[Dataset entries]
lemma not_compact_closure_if_separated:
  fixes y :: "nat \<Rightarrow> 'a::metric_space"
  assumes "range y \<subseteq> A" "\<epsilon> > 0" "\<And>m n. m \<noteq> n \<Longrightarrow> \<epsilon> \<le> dist (y m) (y n)"
  shows "\<not> compact (closure A)"
proof
  assume "compact (closure A)"
  moreover have "\<forall>n. y n \<in> closure A"
    using assms(1) closure_subset by blast
  ultimately obtain l r where r: "strict_mono r" "(y \<circ> r) \<longlonglongrightarrow> l"
    using compact_imp_seq_compact unfolding seq_compact_def by meson
  then obtain M where M: "\<forall>m\<ge>M. \<forall>n\<ge>M. dist ((y \<circ> r) m) ((y \<circ> r) n) < \<epsilon>"
    using LIMSEQ_imp_Cauchy metric_CauchyD assms(2) by blast
  have "r M \<noteq> r (Suc M)"
    using strict_monoD[OF r(1), of M "Suc M"] by simp
  then show False
    using M assms(3) by (metis comp_apply le_Suc_eq linorder_not_le order_refl)
qed

lemma bounded_combinations_in_compact:
  fixes f :: "nat \<Rightarrow> 'a::complex_hilbert"
  shows "\<exists>K. compact K \<and> (\<forall>a. (\<forall>n. cmod (a n) \<le> 1) \<longrightarrow> (\<Sum>n<N. scaleC (a n) (f n)) \<in> K)"
proof (induction N)
  case 0
  show ?case
    by (intro exI[of _ "{0}"]) auto
next
  case (Suc N)
  then obtain K where K: "compact K"
    "\<And>a. \<forall>n. cmod (a n) \<le> 1 \<Longrightarrow> (\<Sum>n<N. scaleC (a n) (f n)) \<in> K"
    by blast
  define K' where "K' = (\<lambda>p. fst p + scaleC (snd p) (f N)) ` (K \<times> cball 0 1)"
  have "continuous_on (K \<times> cball 0 1) (\<lambda>p. fst p + scaleC (snd p) (f N))"
    by (intro continuous_intros bounded_linear.continuous_on[OF bounded_linear_scaleC_left])
  then have "compact K'"
    unfolding K'_def by (intro compact_continuous_image compact_Times K(1) compact_cball)
  moreover have "(\<Sum>n<Suc N. scaleC (a n) (f n)) \<in> K'" if "\<forall>n. cmod (a n) \<le> 1" for a
  proof -
    have "((\<Sum>n<N. scaleC (a n) (f n)), a N) \<in> K \<times> cball 0 1"
      using K(2)[OF that] that by auto
    then show ?thesis
      unfolding K'_def by (force simp: image_iff)
  qed
  ultimately show ?case
    by blast
qed

subsection \<open>The diagonal power map\<close>

text \<open>Indexed from \<open>0\<close>: the map of the theorem is \<open>diagonal_power_map (\<lambda>n. e (n + 1))\<close>.\<close>

definition diagonal_power_map :: "(nat \<Rightarrow> 'a::complex_hilbert) \<Rightarrow> 'a \<Rightarrow> 'a" where
  "diagonal_power_map f z = (\<Sum>n. scaleC (cinner z (f n) ^ (n+1)) (f n))"

lemma norm_power_Suc_add_le:
  fixes c :: "'a::real_normed_div_algebra"
  assumes "norm c \<le> r" "r \<le> 1"
  shows "norm (c ^ (i + N + 1)) \<le> r ^ N * norm c"
proof -
  have "norm (c ^ (i + N + 1)) = norm c ^ N * (norm c ^ i * norm c)"
    by (simp only: norm_power) (simp add: power_add mult_ac)
  also have "\<dots> \<le> r ^ N * (1 * norm c)"
    using assms order_trans[OF norm_ge_zero assms(1)]
    by (intro mult_mono power_mono mult_right_mono power_le_one) auto
  finally show ?thesis
    by simp
qed

lemma diagonal_power_map_tail:
  fixes f :: "nat \<Rightarrow> 'a::complex_hilbert"
  assumes f: "orthonormal_seq f" and "norm z \<le> r" "r \<le> 1"
  shows "summable (\<lambda>i. scaleC (cinner z (f (i+N)) ^ (i+N+1)) (f (i+N)))"
    and "norm (\<Sum>i. scaleC (cinner z (f (i+N)) ^ (i+N+1)) (f (i+N))) \<le> r ^ N * norm z"
proof -
  have le: "cmod (cinner z (f (i+N)) ^ (i+N+1)) \<le> r ^ N * cmod (cinner z (f (i+N)))" for i
    using cmod_cinner_orthonormal_seq_le[OF f] assms(2,3)
    by (intro norm_power_Suc_add_le) (auto intro: order_trans)
  have "0 \<le> r ^ N"
    using assms(2) by (meson norm_ge_zero order_trans zero_le_power)
  note dominated = orthonormal_series_dominated[OF orthonormal_seq_shift[OF f] this le]
  show "summable (\<lambda>i. scaleC (cinner z (f (i+N)) ^ (i+N+1)) (f (i+N)))"
    by (rule dominated(1))
  show "norm (\<Sum>i. scaleC (cinner z (f (i+N)) ^ (i+N+1)) (f (i+N))) \<le> r ^ N * norm z"
    by (rule dominated(2))
qed

lemma norm_diagonal_power_map_le:
  fixes f :: "nat \<Rightarrow> 'a::complex_hilbert"
  assumes "orthonormal_seq f" "norm z \<le> 1"
  shows "norm (diagonal_power_map f z) \<le> norm z"
  using diagonal_power_map_tail(2)[OF assms order_refl, of 0] by (simp add: diagonal_power_map_def)

lemma compact_closure_diagonal_power_map_ball:
  fixes f :: "nat \<Rightarrow> 'a::complex_hilbert"
  assumes f: "orthonormal_seq f" and r: "0 \<le> r" "r < 1"
  shows "compact (closure (diagonal_power_map f ` ball 0 r))"
proof (rule compact_closure_if_approximable)
  fix \<epsilon> :: real
  assume "\<epsilon> > 0"
  have "(\<lambda>N. r ^ N) \<longlonglongrightarrow> 0"
    using r by (intro LIMSEQ_power_zero) simp
  then have "eventually (\<lambda>N. r ^ N < \<epsilon>) sequentially"
    using \<open>\<epsilon> > 0\<close> by (rule order_tendstoD)
  then obtain N where N: "r ^ N < \<epsilon>"
    by (auto simp: eventually_sequentially)
  obtain K where K: "compact K"
    "\<And>a. \<forall>n. cmod (a n) \<le> 1 \<Longrightarrow> (\<Sum>n<N. scaleC (a n) (f n)) \<in> K"
    using bounded_combinations_in_compact[where N=N and f=f] by blast
  have "\<exists>x\<in>K. dist x y \<le> \<epsilon>" if "y \<in> diagonal_power_map f ` ball 0 r" for y
  proof -
    obtain z where z: "norm z < r" "y = diagonal_power_map f z"
      using \<open>y \<in> _\<close> by auto
    define a where "a n = cinner z (f n) ^ (n+1)" for n
    have "cmod (a n) \<le> 1" for n
      using cmod_cinner_orthonormal_seq_le[OF f, of z n] z r
      unfolding a_def norm_power by (intro power_le_one) auto
    then have head: "(\<Sum>n<N. scaleC (a n) (f n)) \<in> K"
      using K(2) by blast
    have "y = (\<Sum>i. scaleC (a (i+N)) (f (i+N))) + (\<Sum>n<N. scaleC (a n) (f n))"
      using suminf_split_initial_segment[OF diagonal_power_map_tail(1)[OF f _ order_refl, of z 0]] z r
      by (simp add: diagonal_power_map_def a_def)
    moreover have "norm (\<Sum>i. scaleC (a (i+N)) (f (i+N))) \<le> r ^ N * norm z"
      using diagonal_power_map_tail(2)[OF f _ _, of z r N] z r by (simp add: a_def)
    moreover have "r ^ N * norm z \<le> \<epsilon>"
      using N z r mult_left_le[of "norm z" "r ^ N"] by simp
    ultimately show ?thesis
      using head by (intro bexI[of _ "\<Sum>n<N. scaleC (a n) (f n)"]) (simp_all add: dist_norm)
  qed
  then show "\<exists>K. compact K \<and> (\<forall>y\<in>diagonal_power_map f ` ball 0 r. \<exists>x\<in>K. dist x y \<le> \<epsilon>)"
    using K(1) by blast
qed

lemma diagonal_power_map_scaleC_basis:
  fixes f :: "nat \<Rightarrow> 'a::complex_hilbert"
  assumes "orthonormal_seq f"
  shows "diagonal_power_map f (scaleC c (f k)) = scaleC (c ^ (k+1)) (f k)"
proof -
  have "cinner (scaleC c (f k)) (f n) = (if n = k then c else 0)" for n
    using assms by (simp add: orthonormal_seq_def cinner_scaleC_left)
  then have "(\<lambda>n. scaleC (cinner (scaleC c (f k)) (f n) ^ (n+1)) (f n))
      = (\<lambda>n. if n = k then scaleC (c ^ (k+1)) (f k) else 0)"
    by auto
  then show ?thesis
    unfolding diagonal_power_map_def by (simp add: sums_unique[OF sums_single, symmetric])
qed

lemma diagonal_power_map_root_scaleC_basis:
  fixes f :: "nat \<Rightarrow> 'a::complex_hilbert"
  assumes "orthonormal_seq f" "a > 0"
  shows "diagonal_power_map f (scaleC (complex_of_real (a powr (-1 / real (k+1)))) (f k))
           = scaleR (1 / a) (f k)"
proof -
  have "(a powr (-1 / real (k+1))) ^ (k+1) = a powr (real (k+1) * (-1 / real (k+1)))"
    by (rule powr_power) (use assms(2) in simp)
  also have "real (k+1) * (-1 / real (k+1)) = -1"
    by simp
  finally have root: "(a powr (-1 / real (k+1))) ^ (k+1) = 1 / a"
    using assms(2) by (simp add: powr_minus divide_inverse)
  show ?thesis
    unfolding diagonal_power_map_scaleC_basis[OF assms(1)] of_real_power[symmetric] root
    by (rule scaleC_of_real)
qed

subsection \<open>Holomorphy of the diagonal power map\<close>

definition diagonal_power_deriv :: "(nat \<Rightarrow> 'a::complex_hilbert) \<Rightarrow> 'a \<Rightarrow> 'a \<Rightarrow> 'a" where
  "diagonal_power_deriv f z h =
     (\<Sum>n. scaleC (of_nat (n+1) * cinner z (f n) ^ n * cinner h (f n)) (f n))"

lemma has_derivative_cinner_power_scaleC:
  fixes u v :: "'a::complex_hilbert"
  shows "((\<lambda>x. scaleC (cinner x u ^ (n+1)) v) has_derivative
          (\<lambda>h. scaleC (of_nat (n+1) * cinner x u ^ n * cinner h u) v)) (at x within S)"
proof -
  have "((\<lambda>x. cinner x u) has_derivative (\<lambda>h. cinner h u)) (at x within S)"
    by (rule bounded_linear.has_derivative[OF bounded_linear_cinner_left has_derivative_ident])
  from has_derivative_power[OF this, of "n+1"]
  have "((\<lambda>x. cinner x u ^ (n+1)) has_derivative
      (\<lambda>h. of_nat (n+1) * cinner h u * cinner x u ^ n)) (at x within S)"
    by (simp add: mult_ac)
  from bounded_linear.has_derivative[OF bounded_linear_scaleC_left this]
  show ?thesis
    by (simp add: mult_ac)
qed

→ What is needed
Search the records above for the string "assms". Copy every line that contains it.

→ Task result
    using assms(1) closure_subset by blast
    using LIMSEQ_imp_Cauchy metric_CauchyD assms(2) by blast
    using M assms(3) by (metis comp_apply le_Suc_eq linorder_not_le order_refl)
    using assms order_trans[OF norm_ge_zero assms(1)]
    using cmod_cinner_orthonormal_seq_le[OF f] assms(2,3)
    using assms(2) by (meson norm_ge_zero order_trans zero_le_power)
  using diagonal_power_map_tail(2)[OF assms order_refl, of 0] by (simp add: diagonal_power_map_def)
    using assms by (simp add: orthonormal_seq_def cinner_scaleC_left)
    by (rule powr_power) (use assms(2) in simp)
    using assms(2) by (simp add: powr_minus divide_inverse)
    unfolding diagonal_power_map_scaleC_basis[OF assms(1)] of_real_power[symmetric] root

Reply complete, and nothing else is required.